Start of Block

lemma prime_factors_pow3_sqrt_factor_ne_seven:
  assumes "odd p" "5 \<le> p"
  shows "prime_factors ((3::nat) ^ p + 3 ^ ((p + 1) div 2) + 1) \<noteq> {7}"
    and "prime_factors ((3::nat) ^ p - 3 ^ ((p + 1) div 2) + 1) \<noteq> {7}"
proof -
  obtain h where p: "p = 2 * h + 1"
    using assms(1) by (auto elim: oddE)
  then have "h \<ge> 2"
    using assms(2) by simp
  define q s where "q = (3::nat) ^ p" and "s = (3::nat) ^ ((p + 1) div 2)"
  have s: "s = 3 ^ (h + 1)"
    by (simp add: s_def p)
  have q: "q = 3 ^ h * s"
    by (simp add: q_def s p flip: power_add)
  have "s \<le> q"
    unfolding q by simp
  moreover have "1 \<le> q"
    by (simp add: q_def)
  moreover have "(3::nat) ^ (2 * h + 2) = 3 * q"
    by (simp add: q_def p)
  ultimately have bound: "q + s + 1 \<le> 3 ^ (2 * h + 2)"
    by linarith
  have "s dvd q + s" "s dvd q - s"
    using q by simp_all
  then have plus: "[q + s + 1 = 1] (mod 3 ^ (h + 1))" and minus: "[q - s + 1 = 1] (mod 3 ^ (h + 1))"
    by (simp_all add: cong_altdef_nat s)
  have "prime_factors (q + s + 1) \<noteq> {7}"
    using plus bound \<open>h \<ge> 2\<close> by (rule prime_factors_ne_seven_if_cong_one)
  moreover have "prime_factors (q - s + 1) \<noteq> {7}"
    using minus _ \<open>h \<ge> 2\<close> by (rule prime_factors_ne_seven_if_cong_one) (use bound in linarith)
  ultimately
  show "prime_factors ((3::nat) ^ p + 3 ^ ((p + 1) div 2) + 1) \<noteq> {7}"
    and "prime_factors ((3::nat) ^ p - 3 ^ ((p + 1) div 2) + 1) \<noteq> {7}"
    unfolding q_def s_def .
qed

section \<open>Primes dividing the order of only one Ree group\<close>

lemma exists_prime_dvd_pow3_minus_one_prime:
  fixes m :: nat
  assumes "prime m" "coprime m 6"
  shows "\<exists>r. prime r \<and> r dvd (3::nat) ^ m - 1 \<and> (\<forall>p. prime p \<longrightarrow> p \<noteq> m \<longrightarrow> \<not> r dvd 3 ^ (6 * p) - 1)"
proof -
  have "odd m" "5 \<le> m"
    using assms prime_coprime_six_iff by (auto simp: coprime_six_iff)
  then obtain r where r: "prime r" "r \<noteq> 2" "r dvd (3::nat) ^ m - 1"
    using exists_odd_prime_dvd_pow3_plus_minus_one(2)[of m] by auto
  have "\<not> r dvd 3 ^ (6 * p) - 1" if "prime p" "p \<noteq> m" for p
  proof
    assume "r dvd 3 ^ (6 * p) - 1"
    moreover have "coprime m p"
      using assms(1) that primes_coprime by blast
    then have "gcd m (6 * p) = 1"
      using assms(2) by simp
    ultimately have "r dvd 3 ^ 1 - 1"
      using r(3) dvd_power_minus_one_gcd[of 3 r m "6 * p"] by simp
    then show False
      using r(1,2) primes_dvd_imp_eq[OF r(1) two_is_prime_nat] by simp
  qed
  then show ?thesis
    using r by blast
qed

lemma exists_prime_dvd_pow3_minus_one_composite:
  fixes m :: nat
  assumes "coprime m 6" "\<not> prime m" "1 < m"
  shows "\<exists>r. prime r \<and> r dvd (3::nat) ^ m - 1 \<and> (\<forall>p. prime p \<longrightarrow> \<not> r dvd 3 ^ (6 * p) - 1)"
proof -
  obtain p1 where p1: "prime p1" "p1 dvd m"
    using prime_factor_nat[of m] assms(3) by auto
  then obtain t where t: "m = p1 * t"
    by blast
  then have "t \<noteq> 1"
    using p1(1) assms(2) by auto
  then obtain p2 where p2: "prime p2" "p2 dvd t"
    using prime_factor_nat by blast
  have "p1 * p2 dvd m"
    using t p2(2) by (simp add: mult_dvd_mono)
  then have cop: "coprime (p1 * p2) 6"
    using assms(1) coprime_imp_coprime dvd_trans by blast
  then have "5 \<le> p1" "5 \<le> p2"
    using p1(1) p2(1) prime_coprime_six_iff by auto
  then obtain r where r: "prime r" "r dvd (3::nat) ^ (p1 * p2) - 1"
    "\<not> r dvd 3 ^ p1 - 1" "\<not> r dvd 3 ^ p2 - 1"
    using exists_new_prime_dvd_power_minus_one[of 3 p1 p2] p1(1) p2(1) by auto
  have "\<not> r dvd 3 ^ (6 * p) - 1" if p: "prime p" for p
  proof
    assume "r dvd 3 ^ (6 * p) - 1"
    define g where "g = gcd (p1 * p2) (6 * p)"
    have "r dvd 3 ^ g - 1"
      unfolding g_def using r(2) \<open>r dvd 3 ^ (6 * p) - 1\<close> by (rule dvd_power_minus_one_gcd[rotated]) simp
    have "coprime g 6"
      using cop unfolding g_def by (rule coprime_imp_coprime) simp
    then have "g dvd p"
      using coprime_dvd_mult_right_iff[of g 6 p] unfolding g_def by simp
    then have "g = 1 \<or> g = p"
      using p by (simp add: prime_nat_iff)
    moreover have "g dvd p1 * p2"
      by (simp add: g_def)
    ultimately have "g dvd p1 \<or> g dvd p2"
      using p p1(1) p2(1) by (auto simp: prime_dvd_mult_iff)
    then show False
      using r(3,4) \<open>r dvd 3 ^ g - 1\<close> power_minus_one_dvd dvd_trans by metis
  qed
  then show ?thesis
    using r(1,2) \<open>p1 * p2 dvd m\<close> power_minus_one_dvd dvd_trans by metis
qed

lemma exists_prime_dvd_ree_order_only:
  fixes m :: nat
  assumes "odd m" "3 < m"
  shows "\<exists>r. prime r \<and> r \<noteq> 3 \<and> r dvd ree_order (3 ^ m) \<and>
    (\<forall>p. prime p \<longrightarrow> 5 \<le> p \<longrightarrow> p \<noteq> m \<longrightarrow> \<not> r dvd ree_order (3 ^ p))"
proof (cases "3 dvd m")
  case True
  have "\<not> 19 dvd ree_order (3 ^ p)" if "prime p" "5 \<le> p" for p
    using that primes_dvd_imp_eq[of 3 p] by (intro nineteen_not_dvd_ree_order) auto
  then show ?thesis
    using nineteen_dvd_ree_order[OF assms(1) True] by (intro exI[of _ 19]) simp
next
  case False
  then have "coprime m 6"
    using assms(1) by (simp add: coprime_six_iff)
  have "\<exists>r. prime r \<and> r dvd (3::nat) ^ m - 1 \<and> (\<forall>p. prime p \<longrightarrow> p \<noteq> m \<longrightarrow> \<not> r dvd 3 ^ (6 * p) - 1)"
  proof (cases "prime m")
    case True
    then show ?thesis
      using exists_prime_dvd_pow3_minus_one_prime \<open>coprime m 6\<close> by blast
  next
    case False
    moreover have "1 < m"
      using assms(2) by simp
    ultimately show ?thesis
      using exists_prime_dvd_pow3_minus_one_composite[OF \<open>coprime m 6\<close>] by blast
  qed
  then obtain r where r: "prime r" "r dvd (3::nat) ^ m - 1"
    and new: "\<And>p. prime p \<Longrightarrow> p \<noteq> m \<Longrightarrow> \<not> r dvd 3 ^ (6 * p) - 1"
    by blast
  have "r \<noteq> 3"
    using r(2) not_dvd_power_minus_one[of 3 m] assms(2) by auto
  moreover have "r dvd ree_order (3 ^ m)"
    using r(2) pow3_minus_one_dvd_ree_order by (rule dvd_trans)
  moreover have "\<not> r dvd ree_order (3 ^ p)" if "prime p" "p \<noteq> m" for p
  proof
    assume "r dvd ree_order (3 ^ p)"
    then have "r dvd 3 ^ (6 * p) - 1"
      using r(1) \<open>r \<noteq> 3\<close> by (intro prime_dvd_ree_order_pow3D)
    then show False
      using new that by blast
  qed
  ultimately show ?thesis
    using r(1) by blast
qed

section \<open>The sequence pp\<close>

lemma exists_prime_gt_not_dvd:
  fixes f :: "'a \<Rightarrow> nat"
  assumes "finite S" "\<And>y. y \<in> S \<Longrightarrow> f y \<noteq> 0"
  shows "\<exists>p. prime p \<and> a < p \<and> (\<forall>y\<in>S. \<not> p dvd f y)"
proof -
  obtain p where p: "prime p" "a + prod f S < p"
    using bigger_prime by blast
  have "\<not> p dvd f y" if "y \<in> S" for y
  proof
    assume "p dvd f y"
    then have "p \<le> f y"
      using assms(2) that by (simp add: dvd_imp_le)
    also have "f y \<le> prod f S"
      using assms that by (intro dvd_imp_le dvd_prodI) auto
    finally show False
      using p(2) by simp
  qed
  then show ?thesis
    using p by auto
qed

lemma length_plist: "length (plist n) = Suc n"
  by (induction n) auto

lemma pp_Suc: "pp (Suc n) = last (plist n)"
proof -
  have "plist n \<noteq> []"
    using length_plist[of n] by auto
  then show ?thesis
    by (simp add: pp_def last_conv_nth length_plist)
qed

lemma pp_1: "pp 1 = 5"
  by (simp add: pp_def)

lemma set_plist: "set (plist n) = pp ` {1..Suc n}"
proof (induction n)
  case 0
  show ?case
    by (simp add: pp_def)
next
  case (Suc n)
  have "{1..Suc (Suc n)} = insert (Suc (Suc n)) {1..Suc n}"
    by auto
  moreover have "last (plist (Suc n)) = pp (Suc (Suc n))"
    by (simp only: pp_Suc)
  ultimately show ?case
    using Suc by simp
qed

lemma pp_Suc_Suc:
  "pp (Suc (Suc n)) =
    (LEAST x. prime x \<and> pp (Suc n) < x \<and> (\<forall>j\<in>{1..Suc n}. \<not> x dvd ree_order (qq j)))"
  by (simp add: pp_Suc [of "Suc n"] pp_Suc [of n, symmetric] set_plist qq_def)

lemma pp_Suc_Suc_spec_if_pos:
  assumes "\<And>j. j \<in> {1..Suc n} \<Longrightarrow> 0 < pp j"
  shows "prime (pp (Suc (Suc n))) \<and> pp (Suc n) < pp (Suc (Suc n)) \<and>
    (\<forall>j\<in>{1..Suc n}. \<not> pp (Suc (Suc n)) dvd ree_order (qq j))"
proof -
  have "\<exists>x. prime x \<and> pp (Suc n) < x \<and> (\<forall>j\<in>{1..Suc n}. \<not> x dvd ree_order (qq j))"
    using assms by (intro exists_prime_gt_not_dvd) (auto simp: qq_def ree_order_pow3_ne_0)
  then show ?thesis
    unfolding pp_Suc_Suc by (rule LeastI_ex)
qed

lemma prime_pp: "1 \<le> i \<Longrightarrow> prime (pp i)"
proof (induction i rule: less_induct)
  case (less i)
  show ?case
  proof (cases "i = 1")
    case False
    then obtain n where "i = Suc (Suc n)"
      using less.prems by (metis One_nat_def Suc_le_D le_Suc_eq)
    moreover have "0 < pp j" if "j \<in> {1..Suc n}" for j
      using less.IH[of j] that \<open>i = Suc (Suc n)\<close> by (simp add: prime_gt_0_nat)
    ultimately show ?thesis
      using pp_Suc_Suc_spec_if_pos by blast
  qed (simp add: pp_def)
qed

lemma pp_Suc_Suc_spec:
  "pp (Suc n) < pp (Suc (Suc n)) \<and> (\<forall>j\<in>{1..Suc n}. \<not> pp (Suc (Suc n)) dvd ree_order (qq j))"
  using pp_Suc_Suc_spec_if_pos[of n] prime_pp by (auto simp: prime_gt_0_nat)

lemma pp_strict_mono: "strict_mono (\<lambda>n. pp (Suc n))"
  using pp_Suc_Suc_spec by (simp add: strict_mono_Suc_iff)

lemma pp_less: "1 \<le> j \<Longrightarrow> j < i \<Longrightarrow> pp j < pp i"
  using strict_monoD[OF pp_strict_mono, of "j - 1" "i - 1"] by simp

lemma pp_not_dvd_ree_order_earlier:
  assumes "1 \<le> j" "j < i"
  shows "\<not> pp i dvd ree_order (qq j)"
proof -
  define n where "n = i - 2"
  then have "i = Suc (Suc n)" "j \<in> {1..Suc n}"
    using assms by auto
  then show ?thesis
    using pp_Suc_Suc_spec by blast
qed

lemma pp_ge_5: "1 \<le> i \<Longrightarrow> 5 \<le> pp i"
  using pp_less[of 1 i] pp_1 by (cases "i = 1") auto

lemma pp_ne_7:
  assumes "1 \<le> i"
  shows "pp i \<noteq> 7"
proof
  assume "pp i = 7"
  moreover have "i \<noteq> 1"
    using \<open>pp i = 7\<close> pp_1 by (intro notI) simp
  ultimately have "1 < i"
    using assms by linarith
  moreover have "7 dvd ree_order (qq 1)"
    unfolding qq_def pp_1 using seven_dvd_ree_order[of 5] by simp
  ultimately show False
    using pp_not_dvd_ree_order_earlier[of 1 i] \<open>pp i = 7\<close> by simp
qed

lemma pp_coprime_six: "1 \<le> i \<Longrightarrow> coprime (pp i) 6"
  using prime_pp pp_ge_5 prime_coprime_six_iff by blast

lemma pp_not_dvd_ree_order:
  assumes "1 \<le> i" "1 \<le> j"
  shows "\<not> pp i dvd ree_order (qq j)"
proof (cases "j < i")
  case True
  then show ?thesis
    using assms(2) by (rule pp_not_dvd_ree_order_earlier[rotated])
next
  case False
  then have "pp i \<le> pp j"
    using pp_less[of i j] assms(1) by (cases "i = j") auto
  moreover have "prime (pp i)" "prime (pp j)" "5 \<le> pp i"
    using assms prime_pp pp_ge_5 by auto
  ultimately have "coprime (pp j) (pp i - 1)"
    by (intro prime_imp_coprime) (auto dest: dvd_imp_le)
  moreover have "\<not> 3 dvd pp j"
    using pp_coprime_six[OF assms(2)] by (simp add: coprime_six_iff)
  ultimately show ?thesis
    unfolding qq_def using prime_not_dvd_ree_order \<open>prime (pp i)\<close> \<open>5 \<le> pp i\<close> pp_ne_7[OF assms(1)] by auto
qed

lemma mem_pp_if_prime_factors_ree_order_subset:
  assumes "odd m" "3 < m"
    and "prime_factors (ree_order (3 ^ m)) \<subseteq> prime_factors (\<Prod>j=1..k. ree_order (qq j))"
  shows "m \<in> pp ` {1..k}"
proof -
  obtain r where r: "prime r" "r \<noteq> 3" "r dvd ree_order (3 ^ m)"
    and only: "\<And>p. prime p \<Longrightarrow> 5 \<le> p \<Longrightarrow> p \<noteq> m \<Longrightarrow> \<not> r dvd ree_order (3 ^ p)"
    using exists_prime_dvd_ree_order_only[OF assms(1,2)] by blast
  have "r \<in> prime_factors (ree_order (3 ^ m))"
    using r assms(2) ree_order_pow3_ne_0[of m] by (simp add: in_prime_factors_iff)
  then have "r dvd (\<Prod>j=1..k. ree_order (qq j))"
    using assms(3) by (auto simp: in_prime_factors_iff)
  then obtain j where "j \<in> {1..k}" "r dvd ree_order (3 ^ pp j)"
    using r(1) by (auto simp: prime_dvd_prod_iff qq_def)
  moreover from this have "prime (pp j)" "5 \<le> pp j"
    using prime_pp pp_ge_5 by auto
  ultimately show ?thesis
    using only by blast
qed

End of Block

**Task requirements:**
Scan the records above and report every line with the string "True".

**Solution:**
  case True
    using nineteen_dvd_ree_order[OF assms(1) True] by (intro exI[of _ 19]) simp
    case True
  case True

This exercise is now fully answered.